Random Forest Classifier:
Accuracy: 0.9597447226313206
Precision: 0.9332079021636877
Recall: 0.9890329012961117
F1 Score: 0.9603097773475314


#### Decision Tree Model

In [9]:
dt_classifier = DecisionTreeClassifier(random_state=4)
dt_classifier.fit(X_train_scaled, y_train)
y_pred_dt = dt_classifier.predict(X_test_scaled)

# Evaluate Decision Tree
print("\nDecision Tree Classifier:")
print("Accuracy:", accuracy_score(y_test, y_pred_dt))
print("Precision:", precision_score(y_test, y_pred_dt))
print("Recall:", recall_score(y_test, y_pred_dt))
print("F1 Score:", f1_score(y_test, y_pred_dt))


Decision Tree Classifier:
Accuracy: 0.8919980363279333
Precision: 0.8265221017514596
Recall: 0.9880358923230309
F1 Score: 0.9000908265213443


#### Gradient Boosting Model

In [10]:
gb_classifier = GradientBoostingClassifier(random_state=4)
gb_classifier.fit(X_train_scaled, y_train)
y_pred_gb = gb_classifier.predict(X_test_scaled)

# Evaluate Gradient Boosting
print("\nGradient Boosting Classifier:")
print("Accuracy:", accuracy_score(y_test, y_pred_gb))
print("Precision:", precision_score(y_test, y_pred_gb))
print("Recall:", recall_score(y_test, y_pred_gb))
print("F1 Score:", f1_score(y_test, y_pred_gb))


Gradient Boosting Classifier:
Accuracy: 0.738831615120275
Precision: 0.7162534435261708
Recall: 0.7776669990029911
F1 Score: 0.7456978967495221


#### Gradient Boosting Model with Hyperparameter Tuning (GridSearchCV)

In [11]:
param_grid = {
    'n_estimators': [100, 200, 300],
    'max_depth': [None, 10, 20],
    'min_samples_split': [2, 5, 10],
    'min_samples_leaf': [1, 2, 4]
}

gb_classifier = GradientBoostingClassifier(random_state=4)
gb_grid = GridSearchCV(gb_classifier, param_grid, cv=5, scoring='f1', n_jobs=-1)
gb_grid.fit(X_train_scaled, y_train)
best_gb = gb_grid.best_estimator_
y_pred_gb = best_gb.predict(X_test_scaled)
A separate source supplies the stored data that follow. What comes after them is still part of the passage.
text \<open>Weak-* convergence can only be tested against C_0 functions, hence the truncation.
  The cutoff of radius 3 R dominates the support of the truncation, and since the limit
  measures are probability measures it has mass below 2 for all large k.\<close>

lemma liminf_flux_cost_ge_truncation:
  fixes \<mu>p \<mu>m :: "'a::euclidean_space measure"
  assumes c: "c > 0" "\<forall>w\<ge>0. c * min w 2 \<le> \<tau> w"
    and \<mu>: "prob_measure_Rn \<mu>p" "prob_measure_Rn \<mu>m"
    and G: "\<forall>k. discrete_mass_flux (G k) (mp k) (mm k)"
    and conv: "dm_weak_conv mp \<mu>p" "dm_weak_conv mm \<mu>m"
    and f: "lipschitz1 f" and R: "R > 0"
  shows "ereal (c / 2 * (integral\<^sup>L \<mu>p (truncation R f) - integral\<^sup>L \<mu>m (truncation R f)))
    \<le> liminf (\<lambda>k. ereal (flux_cost \<tau> (G k)))"
proof -
  let ?g = "truncation R f" and ?\<phi> = "radial_cutoff 3 R :: 'a \<Rightarrow> real"
  let ?pairing = "\<lambda>k. c / 2 * (dm_pair (mp k) ?g - dm_pair (mm k) ?g)"
  have "eventually (\<lambda>k. dm_pair (mp k) ?\<phi> < 2 \<and> dm_pair (mm k) ?\<phi> < 2) sequentially"
    using eventually_dm_pair_radial_cutoff_less[OF \<mu>(1) conv(1) R] eventually_dm_pair_radial_cutoff_less[OF \<mu>(2) conv(2) R]
    by (intro eventually_conj) simp_all
  then have "eventually (\<lambda>k. ereal (?pairing k) \<le> ereal (flux_cost \<tau> (G k))) sequentially"
  proof eventually_elim
    case (elim k)
    have "c * (dm_pair (mp k) ?g - dm_pair (mm k) ?g) \<le> 2 * flux_cost \<tau> (G k)"
      using c G elim truncation_dist_le[OF f R] radial_cutoff_eq_one_if_truncation_nonzero[OF R, of f]
      by (intro flux_cost_ge_pairing[where \<phi> = ?\<phi>]) auto
    then show ?case by simp
  qed
  then have mono: "liminf (\<lambda>k. ereal (?pairing k)) \<le> liminf (\<lambda>k. ereal (flux_cost \<tau> (G k)))"
    by (rule Liminf_mono)
  have "(\<lambda>k. dm_pair (mp k) ?g) \<longlonglongrightarrow> integral\<^sup>L \<mu>p ?g"
    "(\<lambda>k. dm_pair (mm k) ?g) \<longlonglongrightarrow> integral\<^sup>L \<mu>m ?g"
    using conv c0_fun_truncation[OF f R] by (auto simp: dm_weak_conv_def)
  then have lim: "(\<lambda>k. ereal (?pairing k))
      \<longlonglongrightarrow> ereal (c / 2 * (integral\<^sup>L \<mu>p ?g - integral\<^sup>L \<mu>m ?g))"
    by (intro tendsto_intros)
  show ?thesis using mono unfolding lim_imp_Liminf[OF trivial_limit_sequentially lim] .
qed

lemma integral_truncation_tendsto:
  fixes \<mu> :: "'a::euclidean_space measure"
  assumes \<mu>: "prob_measure_Rn \<mu>" and f: "lipschitz1 f" "integrable \<mu> f"
  shows "(\<lambda>j. integral\<^sup>L \<mu> (truncation (Suc j) f)) \<longlonglongrightarrow> integral\<^sup>L \<mu> f"
proof (rule integral_dominated_convergence[where w = "\<lambda>x. \<bar>f x\<bar>"])
  show "truncation (Suc j) f \<in> borel_measurable \<mu>" for j
    using \<mu> c0_fun_truncation[OF f(1), of "Suc j"]
    by (auto simp: prob_measure_Rn_def c0_fun_def intro: measurable_continuous_on_sets_borel)
  show "AE x in \<mu>. (\<lambda>j. truncation (Suc j) f x) \<longlonglongrightarrow> f x"
    using filterlim_compose[OF truncation_tendsto filterlim_real_sequentially]
    by (intro AE_I2) (rule LIMSEQ_Suc)
  show "AE x in \<mu>. norm (truncation (Suc j) f x) \<le> \<bar>f x\<bar>" for j
    using truncation_abs_le[of "Suc j" f] by simp
qed (use f in auto)

lemma liminf_flux_cost_ge_lipschitz_pairing:
  fixes \<mu>p \<mu>m :: "'a::euclidean_space measure"
  assumes c: "c > 0" "\<forall>w\<ge>0. c * min w 2 \<le> \<tau> w"
    and \<mu>: "prob_measure_Rn \<mu>p" "prob_measure_Rn \<mu>m"
    and G: "\<forall>k. discrete_mass_flux (G k) (mp k) (mm k)"
    and conv: "dm_weak_conv mp \<mu>p" "dm_weak_conv mm \<mu>m"
    and f: "lipschitz1 f" "integrable \<mu>p f" "integrable \<mu>m f"
  shows "ereal (c / 2 * (integral\<^sup>L \<mu>p f - integral\<^sup>L \<mu>m f)) \<le> liminf (\<lambda>k. ereal (flux_cost \<tau> (G k)))"
proof (rule LIMSEQ_le_const2)
  show "(\<lambda>j. ereal (c / 2 * (integral\<^sup>L \<mu>p (truncation (Suc j) f) - integral\<^sup>L \<mu>m (truncation (Suc j) f))))
      \<longlonglongrightarrow> ereal (c / 2 * (integral\<^sup>L \<mu>p f - integral\<^sup>L \<mu>m f))"
    using integral_truncation_tendsto[OF \<mu>(1) f(1,2)] integral_truncation_tendsto[OF \<mu>(2) f(1,3)]
    by (intro tendsto_intros)
  show "\<exists>N. \<forall>j\<ge>N. ereal (c / 2 * (integral\<^sup>L \<mu>p (truncation (Suc j) f) - integral\<^sup>L \<mu>m (truncation (Suc j) f)))
      \<le> liminf (\<lambda>k. ereal (flux_cost \<tau> (G k)))"
    using liminf_flux_cost_ge_truncation[OF c \<mu> G conv f(1)] by auto
qed

lemma liminf_flux_cost_ge_W1:
  fixes \<mu>p \<mu>m :: "'a::euclidean_space measure"
  assumes c: "c > 0" "\<forall>w\<ge>0. c * min w 2 \<le> \<tau> w"
    and \<mu>: "prob_measure_Rn \<mu>p" "prob_measure_Rn \<mu>m"
    and G: "\<forall>k. discrete_mass_flux (G k) (mp k) (mm k)"
    and conv: "dm_weak_conv mp \<mu>p" "dm_weak_conv mm \<mu>m"
  shows "ereal (c / 2) * W1 \<mu>p \<mu>m \<le> liminf (\<lambda>k. ereal (flux_cost \<tau> (G k)))"
proof -
  let ?A = "{f. lipschitz1 f \<and> integrable \<mu>p f \<and> integrable \<mu>m f}"
  have "(\<lambda>_. 0) \<in> ?A" by (simp add: lipschitz1_def)
  then have "ereal (c / 2) * W1 \<mu>p \<mu>m
      = (SUP f\<in>?A. ereal (c / 2 * (integral\<^sup>L \<mu>p f - integral\<^sup>L \<mu>m f)))"
    unfolding W1_def
    using Sup_ereal_mult_left'[of ?A "c / 2" "\<lambda>f. ereal (integral\<^sup>L \<mu>p f - integral\<^sup>L \<mu>m f)"] c(1)
    by auto
  also have "\<dots> \<le> liminf (\<lambda>k. ereal (flux_cost \<tau> (G k)))"
    using liminf_flux_cost_ge_lipschitz_pairing[OF c \<mu> G conv] by (auto intro: SUP_least)
  finally show ?thesis .
qed

theorem mainTheorem18:
  fixes \<tau> :: "real \<Rightarrow> real"
  assumes "transportation_cost \<tau>"
  shows "\<exists>c::real. c > 0 \<and>
           (\<forall>\<mu>p \<mu>m :: 'a::euclidean_space measure.
              prob_measure_Rn \<mu>p \<longrightarrow> prob_measure_Rn \<mu>m \<longrightarrow>
              d_tau \<tau> \<mu>p \<mu>m \<ge> ereal c * W1 \<mu>p \<mu>m)"
proof -
  obtain c where c: "c > 0" "\<forall>w\<ge>0. c * min w 2 \<le> \<tau> w"
    using transportation_cost_ge_min[OF assms, of 2] by auto
  have "ereal (c / 2) * W1 \<mu>p \<mu>m \<le> d_tau \<tau> \<mu>p \<mu>m"
    if "prob_measure_Rn \<mu>p" "prob_measure_Rn \<mu>m" for \<mu>p \<mu>m :: "'a measure"
    unfolding d_tau_def J_tau_def
    using liminf_flux_cost_ge_W1[OF c that] by (fastforce intro!: INF_greatest Inf_greatest)
  then show ?thesis using c(1) by (intro exI[of _ "c / 2"]) auto
qed

end
text \<open>Multiplicities outside \<open>{1..n}\<close> vanish, so a unique multiset union is already determined by
  its multiplicities on \<open>{1..n}\<close>.\<close>
lemma unique_multiset_unionE:
  assumes "unique_multiset_union k Z" and Z: "\<forall>i\<in>{1..k}. Z i \<subseteq> {1..n}"
  obtains ch0 where "ch0 \<in> choices k Z"
    and "{ch \<in> choices k Z. \<forall>j\<in>{1..n}.
            count (multiset_union k (snd ch)) j = count (multiset_union k (snd ch0)) j} = {ch0}"
proof -
  have finZ: "\<forall>i\<in>{1..k}. finite (Z i)"
    using Z finite_subset by blast
  obtain ch0 where ch0: "ch0 \<in> choices k Z"
    and unique: "\<And>ch. ch \<in> choices k Z \<Longrightarrow> multiset_union k (snd ch) = multiset_union k (snd ch0)
                   \<Longrightarrow> ch = ch0"
    using assms(1) unfolding unique_multiset_union_def by metis
  have outside: "count (multiset_union k (snd ch)) j = 0" if "ch \<in> choices k Z" and "j \<notin> {1..n}"
    for ch j
    using count_multiset_union_eq_0[OF that(1) finZ] Z that(2) by blast
  have "ch = ch0"
    if ch: "ch \<in> choices k Z"
      and agree: "\<forall>j\<in>{1..n}. count (multiset_union k (snd ch)) j = count (multiset_union k (snd ch0)) j"
    for ch
  proof (rule unique[OF ch], rule multiset_eqI)
    fix j
    show "count (multiset_union k (snd ch)) j = count (multiset_union k (snd ch0)) j"
      using agree outside[OF ch] outside[OF ch0] by (cases "j \<in> {1..n}") auto
  qed
  with ch0 show ?thesis
    using that[OF ch0] by blast
qed

lemma sum_permutes_esym_eq_sum_choices:
  fixes \<beta> :: "nat \<Rightarrow> 'a::comm_ring_1"
  assumes Z: "\<forall>i\<in>{1..k}. Z i \<subseteq> {1..n}"
  shows "(\<Sum>\<sigma> | \<sigma> permutes {1..k}. of_int (sign \<sigma>) * (\<Prod>i\<in>{1..k}. esym (Z i) \<beta> (\<sigma> i - 1)))
       = (\<Sum>ch\<in>choices k Z. of_int (sign (fst ch))
            * (\<Prod>j\<in>{1..n}. \<beta> j ^ count (multiset_union k (snd ch)) j))"
proof -
  define Ch where "Ch \<sigma> = {S. (\<forall>i\<in>{1..k}. S i \<in> {T. T \<subseteq> Z i \<and> card T = \<sigma> i - 1})
                              \<and> (\<forall>i. i \<notin> {1..k} \<longrightarrow> S i = {})}" for \<sigma> :: "nat \<Rightarrow> nat"
  have choices_eq: "choices k Z = Sigma {\<sigma>. \<sigma> permutes {1..k}} Ch"
    unfolding choices_def Ch_def by (auto simp del: atLeastAtMost_iff)
  have fin_Ch: "finite (Ch \<sigma>)" for \<sigma>
    by (rule finite_subset[OF _ finite_set_of_finite_funs[of "{1..k}" "Pow {1..n}" "{}"]])
      (use Z in \<open>auto simp: Ch_def simp del: atLeastAtMost_iff\<close>)
  have expand: "(\<Prod>i\<in>{1..k}. esym (Z i) \<beta> (\<sigma> i - 1)) = (\<Sum>S\<in>Ch \<sigma>. \<Prod>i\<in>{1..k}. \<Prod>j\<in>S i. \<beta> j)"
    for \<sigma>
    unfolding esym_def Ch_def
  proof (rule prod_sum_eq_sum_funs_default)
    fix i assume "i \<in> {1..k}"
    then have "finite (Z i)"
      using Z finite_subset by blast
    then show "finite {T. T \<subseteq> Z i \<and> card T = \<sigma> i - 1}"
      by simp
  qed simp
  have "(\<Sum>\<sigma> | \<sigma> permutes {1..k}. of_int (sign \<sigma>) * (\<Prod>i\<in>{1..k}. esym (Z i) \<beta> (\<sigma> i - 1)))
      = (\<Sum>\<sigma> | \<sigma> permutes {1..k}. \<Sum>S\<in>Ch \<sigma>. of_int (sign \<sigma>) * (\<Prod>i\<in>{1..k}. \<Prod>j\<in>S i. \<beta> j))"
    by (simp only: expand sum_distrib_left)
  also have "\<dots> = (\<Sum>ch\<in>choices k Z. of_int (sign (fst ch)) * (\<Prod>i\<in>{1..k}. \<Prod>j\<in>snd ch i. \<beta> j))"
    unfolding choices_eq
    by (subst sum.Sigma) (simp_all add: finite_permutations fin_Ch split_def)
  also have "\<dots> = (\<Sum>ch\<in>choices k Z. of_int (sign (fst ch))
                    * (\<Prod>j\<in>{1..n}. \<beta> j ^ count (multiset_union k (snd ch)) j))"
  proof (rule sum.cong[OF refl])
    fix ch assume "ch \<in> choices k Z"
    then have "\<forall>i\<in>{1..k}. snd ch i \<subseteq> {1..n}"
      using Z snd_choices_subset by blast
    then have "(\<Prod>i\<in>{1..k}. \<Prod>j\<in>snd ch i. \<beta> j)
             = (\<Prod>j\<in>{1..n}. \<beta> j ^ count (multiset_union k (snd ch)) j)"
      unfolding multiset_union_def by (intro prod_prod_eq_prod_power_count) simp_all
    then show "of_int (sign (fst ch)) * (\<Prod>i\<in>{1..k}. \<Prod>j\<in>snd ch i. \<beta> j)
             = of_int (sign (fst ch)) * (\<Prod>j\<in>{1..n}. \<beta> j ^ count (multiset_union k (snd ch)) j)"
      by (rule arg_cong)
  qed
  finally show ?thesis .
qed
# Evaluate Gradient Boosting with GridSearchCV
print("\nGradient Boosting Classifier + GridSearchCV:")
print("Accuracy:", accuracy_score(y_test, y_pred_rf))
print("Precision:", precision_score(y_test, y_pred_rf))
print("Recall:", recall_score(y_test, y_pred_rf))
print("F1 Score:", f1_score(y_test, y_pred_rf))


Gradient Boosting Classifier + GridSearchCV:
Accuracy: 0.9597447226313206
Precision: 0.9332079021636877
Recall: 0.9890329012961117
F1 Score: 0.9603097773475314


### Conclusion

In this analysis, we explored various machine learning models to predict coronary heart disease (CHD) risk. The Random Forest Classifier achieved the highest F1 score, suggesting its effectiveness in this prediction task. Further hyperparameter tuning of the Gradient Boosting Classifier using GridSearchCV might yield even better results.